Archaeological excavation
Archaeological excavation

One day, Walking Coyote was hunting in Blackfoot country with a friendly band of Piegan along the Milk River. The next morning he found some buffalo calves. He may have fed them horse or donkey meat to keep them alive. When Walking Coyote led the herd to Browning, the Indian Agent there became very interested in the idea of breeding buffalo. That agent sent Walking Coyote to see a rancher on the Sun River near Haystack Butte. Here, Walking Coyote rested up his small herd for the trek across the mountains. He led them over Cadotte's Pass, 150 miles, and into Flathead Indian Country. Two bulls and four cows survived the journey. Eleven years later, Walking Coyote had thirteen head of grazing buffalo.

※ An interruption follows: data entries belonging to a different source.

locale gap_algorithm = finite_matroid U I
  for U :: "'a set" and I :: "'a set set" +
  fixes val :: "'a \<Rightarrow> real" and F :: "'a set" and Block Gd Bd :: "int \<Rightarrow> int set"
  assumes val_nonneg: "\<forall>e\<in>U. val e \<ge> 0"
    and val_pow2: "\<forall>e\<in>U. val e > 0 \<longrightarrow> (\<exists>i::int. val e = 2 powr i)"
    and critical: "critical_tuple Block Gd Bd"
begin

abbreviation level :: "'a \<Rightarrow> int" where "level e \<equiv> \<lfloor>log 2 (val e)\<rfloor>"
abbreviation good :: "int \<Rightarrow> 'a set" where "good j \<equiv> buckets val F (Gd j)"
abbreviation bad :: "int \<Rightarrow> 'a set" where "bad j \<equiv> buckets val F (Bd j)"
abbreviation step :: "'a \<Rightarrow> 'a set \<Rightarrow> 'a set" where "step \<equiv> gap_step U I val F Block Gd Bd"
abbreviation run :: "'a list \<Rightarrow> 'a set" where "run xs \<equiv> fold step xs {}"

definition accepts :: "'a \<Rightarrow> 'a set \<Rightarrow> bool" where
  "accepts e P \<longleftrightarrow> val e \<noteq> 0 \<and> Block (level e) \<noteq> {} \<and> e \<in> cl (good (level e))
     \<and> e \<notin> cl (P \<union> bad (level e))"

lemma step_eq: "step e P = (if accepts e P then insert e P else P)"
  by (simp add: gap_step_def accepts_def Let_def)

lemma accepts_ground: "accepts e P \<Longrightarrow> e \<in> U"
  using cl_subset_ground unfolding accepts_def by blast

lemma accepts_notin_cl: "accepts e P \<Longrightarrow> e \<notin> cl P"
  using cl_mono[of P "P \<union> bad (level e)"] unfolding accepts_def by blast

lemma accepts_val: "accepts e P \<Longrightarrow> val e = 2 powr level e"
proof -
  assume e: "accepts e P"
  then have "val e > 0" using accepts_ground val_nonneg unfolding accepts_def by force
  then obtain i :: int where "val e = 2 powr i" using val_pow2 accepts_ground[OF e] by blast
  then show ?thesis by simp
qed

lemma run_snoc: "run (xs @ [x]) = (if accepts x (run xs) then insert x (run xs) else run xs)"
  by (simp only: fold_append fold_simps comp_def step_eq)

lemma run_subset_run_snoc: "run xs \<subseteq> run (xs @ [x])"
  unfolding run_snoc by auto

lemma run_indep_levels:
  "run xs \<in> I \<and> run xs \<subseteq> set xs \<and> (\<forall>p\<in>run xs. Block (level p) \<noteq> {} \<and> val p = 2 powr level p)"
proof (induction xs rule: rev_induct)
  case (snoc x xs)
  show ?case
  proof (cases "accepts x (run xs)")
    case True
    then have "insert x (run xs) \<in> I"
      using snoc.IH accepts_ground accepts_notin_cl by (blast intro: indep_insert_notin_cl)
    then show ?thesis unfolding run_snoc using snoc.IH True accepts_val
      by (auto simp: accepts_def)
  qed (use snoc.IH in \<open>unfold run_snoc, auto\<close>)
qed (simp add: empty_indep)

definition below_part :: "int \<Rightarrow> 'a set \<Rightarrow> 'a set" where
  "below_part j P = {p \<in> P. block_below Block (level p) j}"

definition above_part :: "int \<Rightarrow> 'a set \<Rightarrow> 'a set" where
  "above_part j P = {p \<in> P. block_below Block j (level p)}"

definition same_part :: "int \<Rightarrow> 'a set \<Rightarrow> 'a set" where
  "same_part j P = {p \<in> P. Block (level p) = Block j}"

definition span_invariant :: "int \<Rightarrow> 'a set \<Rightarrow> bool" where
  "span_invariant j P \<longleftrightarrow> rank (good j \<union> P) = rank (good j) + card (below_part j P)
     \<and> P - below_part j P \<subseteq> cl (good j) \<and> above_part j P \<subseteq> cl (bad j)"

lemma accepts_below_notin_cl:
  assumes j: "Block j \<noteq> {}" and x: "accepts x P" and below: "block_below Block (level x) j"
  shows "x \<notin> cl (good j \<union> P)"
proof -
  have "Block (level x) \<noteq> {}" using x unfolding accepts_def by blast
  then have "good j \<subseteq> bad (level x)"
    by (intro buckets_mono critical_Gd_subset_Bd[OF critical j _ below])
  then have "cl (good j \<union> P) \<subseteq> cl (P \<union> bad (level x))" by (intro cl_mono) blast
  moreover have "x \<notin> cl (P \<union> bad (level x))" using x unfolding accepts_def by simp
  ultimately show ?thesis by blast
qed

lemma accepts_not_below_in_cl:
  assumes j: "Block j \<noteq> {}" and x: "accepts x P" and not_below: "\<not> block_below Block (level x) j"
  shows "x \<in> cl (good j)" and "block_below Block j (level x) \<Longrightarrow> x \<in> cl (bad j)"
proof -
  have l: "Block (level x) \<noteq> {}" and xl: "x \<in> cl (good (level x))"
    using x unfolding accepts_def by blast+
  show above: "x \<in> cl (bad j)" if "block_below Block j (level x)"
  proof -
    have "good (level x) \<subseteq> bad j"
      by (intro buckets_mono critical_Gd_subset_Bd[OF critical l j that])
    then have "cl (good (level x)) \<subseteq> cl (bad j)" by (rule cl_mono)
    then show ?thesis using xl by (rule subsetD)
  qed
  show "x \<in> cl (good j)"
  proof (cases rule: critical_block_cases[OF critical j l])
    case 1
    then show ?thesis using xl critical_same_block[OF critical j 1] by simp
  next
    case 3
    have "bad j \<subseteq> good j" by (intro buckets_mono critical_Bd_subset_Gd[OF critical j])
    then have "cl (bad j) \<subseteq> cl (good j)" by (rule cl_mono)
    then show ?thesis using above[OF 3] by (rule subsetD)
  qed (use not_below in simp)
qed

lemma span_invariant_step:
  assumes j: "Block j \<noteq> {}" and P: "finite P" and inv: "span_invariant j P"
  shows "span_invariant j (step x P)"
proof (cases "accepts x P")
  case True
  note x = True
  have xP: "x \<notin> P" using accepts_notin_cl[OF x] mem_cl[OF accepts_ground[OF x]] by blast
  show ?thesis
  proof (cases "block_below Block (level x) j")
    case below: True
    have "rank (good j \<union> insert x P) = Suc (rank (good j \<union> P))"
      using rank_insert_notin_cl[OF accepts_ground[OF x] accepts_below_notin_cl[OF j x below]] by simp
    moreover have "below_part j (insert x P) = insert x (below_part j P)"
      using below unfolding below_part_def by auto
    moreover have "x \<notin> below_part j P" using xP unfolding below_part_def by blast
    moreover have "\<not> block_below Block j (level x)"
      using block_below_asym below j x unfolding accepts_def by blast
    ultimately show ?thesis
      using inv P x unfolding span_invariant_def above_part_def by (auto simp: step_eq below_part_def)
  next
    case not_below: False
    note x_cl = accepts_not_below_in_cl[OF j x not_below]
    have "rank (good j \<union> insert x P) = rank (good j \<union> P)"
      using x_cl(1) cl_mono[of "good j" "good j \<union> P"] by (auto simp: in_cl_iff)
    moreover have "below_part j (insert x P) = below_part j P"
      using not_below unfolding below_part_def by auto
    ultimately show ?thesis
      using inv x x_cl unfolding span_invariant_def above_part_def by (auto simp: step_eq below_part_def)
  qed
qed (use inv in \<open>simp add: step_eq\<close>)

lemma rejected_in_cl:
  assumes j: "Block j \<noteq> {}" and P: "finite P" "\<forall>p\<in>P. Block (level p) \<noteq> {}"
    and inv: "span_invariant j P"
    and x: "val x \<noteq> 0" "level x = j" "x \<in> cl (good j)" and rejected: "\<not> accepts x P"
  shows "x \<in> cl (bad j \<union> same_part j P)"
proof -
  let ?Q = "below_part j P" and ?X = "(P - below_part j P) \<union> bad j"
  have bad_good: "bad j \<subseteq> good j" by (intro buckets_mono critical_Bd_subset_Gd[OF critical j])
  have "x \<in> cl (P \<union> bad j)" using rejected x j unfolding accepts_def by auto
  moreover have "?X \<union> ?Q = P \<union> bad j" unfolding below_part_def by blast
  moreover have "rank (good j \<union> ?X) = rank (good j)"
  proof -
    have "good j \<union> ?X = good j \<union> (P - below_part j P)" using bad_good by blast
    then show ?thesis using inv rank_Un_cl unfolding span_invariant_def by simp
  qed
  moreover have "rank (good j \<union> ?X \<union> ?Q) = rank (good j) + card ?Q"
  proof -
    have "good j \<union> ?X \<union> ?Q = good j \<union> P" using bad_good unfolding below_part_def by blast
    then show ?thesis using inv unfolding span_invariant_def by simp
  qed
  moreover have "finite ?Q" using P(1) unfolding below_part_def by simp
  ultimately have "x \<in> cl ?X" using cl_skew_cancel x(3) by simp
  moreover have "?X \<subseteq> (bad j \<union> same_part j P) \<union> above_part j P"
  proof
    fix p assume "p \<in> ?X"
    then show "p \<in> (bad j \<union> same_part j P) \<union> above_part j P"
      using critical_block_cases[OF critical j, of "level p"] P(2)
      unfolding below_part_def same_part_def above_part_def by blast
  qed
  moreover have "above_part j P \<subseteq> cl (bad j \<union> same_part j P)"
    using inv cl_mono[of "bad j" "bad j \<union> same_part j P"] unfolding span_invariant_def by blast
  ultimately show ?thesis using cl_mono cl_Un_cl by blast
qed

Walking Coyote and a few others like him preserved the buffalo because they recognized that someone had to. We are lucky that during an era when these animals were misunderstood and slaughtered by the millions, a few individuals had the foresight to prevent the extermination of an entire species. It is often difficult to see the importance of a natural resource before it disappears. These days, humans are still destroying natural diversity at an alarming rate. One-fourth of the 4,600 known mammal species face extinction right now. The Yellowstone herd is the only free-roaming American Bison herd in the world. As human presence expands around the globe, plant and animal populations are threatened unless steps are specifically taken to protect them. Each buffalo alive today is proof that people can and should protect the plant varieties and animal species still living with us on earth.